Erdogan’s scathing comments came after the rating agencies Moody's and Fitch, sounded alarm about the state of the Turkish banks, citing the impact of the currency sell-off.
The lira’s depreciation has increased the cost of servicing the country’s external debt, around $179 billion of which matures over the course of the year to July 2019.
In an effort to prop up the national currency and make it less attractive for investors to hold foreign-currency deposits, the government said on Friday that it would lower the level of withholding tax on lira bank deposits, while raising it on foreign currency ones.
President Erdogan has repeatedly called on Turks to sell their dollars and euros to buy lira.
In an almost parallel development, Turkey's energy regulator announced a 14 percent hike on electricity prices for industrial enterprises and nine percent for residential use from September 1 in what experts believe will add to the country’s current double-digit inflation.
A rift with Washington over the arrest of American pastor Andrew Brunson has added to the lira’s woes.
President Erdogan, who calls himself an “enemy of interest rates,” hopes that lower borrowing costs will encourage credit flows, above all to the construction sector.

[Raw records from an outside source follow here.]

lemma matrix_inv_diagonal_pos:
  fixes M :: "real^'n^'n"
  assumes pd: "\<And>v. v \<noteq> 0 \<Longrightarrow> 0 < v \<bullet> (M *v v)"
  shows "0 < matrix_inv M $ i $ i"
proof -
  define a where "a = matrix_inv M *v axis i 1"
  have "M *v a = axis i 1"
    unfolding a_def
    by (simp add: matrix_vector_mul_assoc matrix_inv_right[OF invertible_if_pos_def[OF pd]])
  then have "a \<noteq> 0" by (auto simp: axis_eq_0_iff)
  then have "0 < a \<bullet> axis i 1" using pd \<open>M *v a = axis i 1\<close> by metis
  then show ?thesis
    by (simp add: a_def inner_axis matrix_vector_mult_basis column_def)
qed

lemma Ktr_add_scaled_id_pos_def:
  assumes "\<And>j. norm (X j) \<le> 1" and "0 < lam" and "v \<noteq> 0"
  shows "0 < v \<bullet> ((Ktr X + lam *\<^sub>R mat 1) *v v)"
proof -
  have "v \<bullet> ((Ktr X + lam *\<^sub>R mat 1) *v v) = v \<bullet> (Ktr X *v v) + lam * (v \<bullet> v)"
    by (simp add: matrix_vector_mult_add_rdistrib inner_add_right
        scaleR_matrix_vector_assoc[symmetric])
  moreover have "0 < lam * (v \<bullet> v)"
    using assms(2,3) by simp
  ultimately show ?thesis
    using Ktr_quadratic_form_nonneg[of X v, OF assms(1)] by linarith
qed

lemma Kvec_train_inner: "Kvec X (X i) \<bullet> w = (Ktr X *v w) $ i"
  by (simp add: inner_vec_def matrix_vector_mult_def Kvec_def Ktr_def ntk_def inner_commute)

lemma Ktr_mult_Ainv:
  assumes "invertible (Ktr X + lam *\<^sub>R mat 1)"
  shows "Ktr X *v (Ainv X lam *v w) = w - lam *\<^sub>R (Ainv X lam *v w)"
proof -
  have "(Ktr X + lam *\<^sub>R mat 1) *v (Ainv X lam *v w) = w"
    by (simp add: Ainv_def matrix_vector_mul_assoc matrix_inv_right[OF assms])
  then show ?thesis
    by (simp add: matrix_vector_mult_add_rdistrib scaleR_matrix_vector_assoc[symmetric]
        eq_diff_eq)
qed

lemma f_loo_eq_downdate:
  "f_loo X Y lam i x
     = f_ntk X Y lam x - alpha_ntk X lam i x * (column i (Ainv X lam) \<bullet> Y) / Ainv X lam $ i $ i"
proof -
  define A where "A = Ainv X lam"
  have "(A - (\<chi> a b. A $ a $ i * A $ b $ i / A $ i $ i)) *v Y
      = A *v Y - ((column i A \<bullet> Y) / A $ i $ i) *\<^sub>R column i A"
    by (simp add: vec_eq_iff matrix_vector_mult_def column_def inner_vec_def
        sum_subtractf sum_distrib_left sum_divide_distrib algebra_simps)
  then show ?thesis
    unfolding f_loo_def f_ntk_def alpha_ntk_def A_def[symmetric] Let_def matrix_vector_mult_basis
    by (simp add: inner_diff_right)
qed

lemma f_loo_residual_at_train:
  assumes "\<And>j. norm (X j) \<le> 1" and "0 < lam"
  shows "f_loo X Y lam i (X i) - Y $ i = - (column i (Ainv X lam) \<bullet> Y) / Ainv X lam $ i $ i"
proof -
  define A where "A = Ainv X lam"
  have pd: "\<And>v. v \<noteq> 0 \<Longrightarrow> 0 < v \<bullet> ((Ktr X + lam *\<^sub>R mat 1) *v v)"
    using Ktr_add_scaled_id_pos_def[of X, OF assms] .
  have KA: "Ktr X *v (A *v w) = w - lam *\<^sub>R (A *v w)" for w
    unfolding A_def using Ktr_mult_Ainv[OF invertible_if_pos_def[OF pd]] .
  have "transpose (Ktr X + lam *\<^sub>R mat 1) = Ktr X + lam *\<^sub>R mat 1"
    by (simp add: vec_eq_iff transpose_def Ktr_def ntk_def mat_def inner_commute)
  then have "transpose A = A"
    unfolding A_def Ainv_def
    by (intro transpose_matrix_inv_symmetric invertible_if_pos_def pd)
  then have "column i A \<bullet> Y = (A *v Y) $ i"
    using column_transpose[of i A] by (simp add: row_def matrix_vector_mul_component)
  have "0 < A $ i $ i"
    unfolding A_def Ainv_def by (rule matrix_inv_diagonal_pos[OF pd])
  have f_train: "f_ntk X Y lam (X i) = Y $ i - lam * (A *v Y) $ i"
    unfolding f_ntk_def A_def[symmetric] Kvec_train_inner KA by simp
  have alpha_train: "alpha_ntk X lam i (X i) = 1 - lam * A $ i $ i"
    unfolding alpha_ntk_def A_def[symmetric] Kvec_train_inner KA
    by (simp add: matrix_vector_mult_basis column_def)
  show ?thesis
    unfolding f_loo_eq_downdate A_def[symmetric] \<open>column i A \<bullet> Y = (A *v Y) $ i\<close>
      f_train alpha_train
    using \<open>0 < A $ i $ i\<close> by (simp add: field_simps)
qed

theorem proposition2:
  fixes X :: "'n::finite \<Rightarrow> real^'d" and Y :: "real^'n" and lam :: real
    and xte :: "real^'d" and yte :: real and i :: 'n
  assumes "\<And>j. norm (X j) = 1"
    and "lam > 0"
    and "norm xte = 1"
  shows "I_ntk X Y lam i xte yte =
           alpha_ntk X lam i xte * (f_ntk X Y lam xte - yte) * (f_loo X Y lam i (X i) - Y $ i)
           + (1/2) * (alpha_ntk X lam i xte)^2 * (f_loo X Y lam i (X i) - Y $ i)^2"
proof -
  define q where "q = (column i (Ainv X lam) \<bullet> Y) / Ainv X lam $ i $ i"
  have loo_test: "f_loo X Y lam i xte = f_ntk X Y lam xte - alpha_ntk X lam i xte * q"
    unfolding f_loo_eq_downdate q_def by simp
  have loo_train: "f_loo X Y lam i (X i) - Y $ i = - q"
    unfolding q_def using f_loo_residual_at_train[of X lam Y i] assms(1,2) by simp
  show ?thesis
    unfolding I_ntk_def loo_test loo_train by (simp add: power2_eq_square field_simps)
qed

end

This does not sit well with investors, who are holding out for substantial interest rate hikes.
In August, Moody’s announced it had lowered its rating on Turkey to Ba3 from Ba2, a step further into speculative territory. The move came a month after fellow rating agency Fitch also lowered its rating on Turkey, warning that Ankara’s “incomplete policy response” to its deepening economic trouble was unlikely to stabilize its currency and economy for a meaningful amount of time.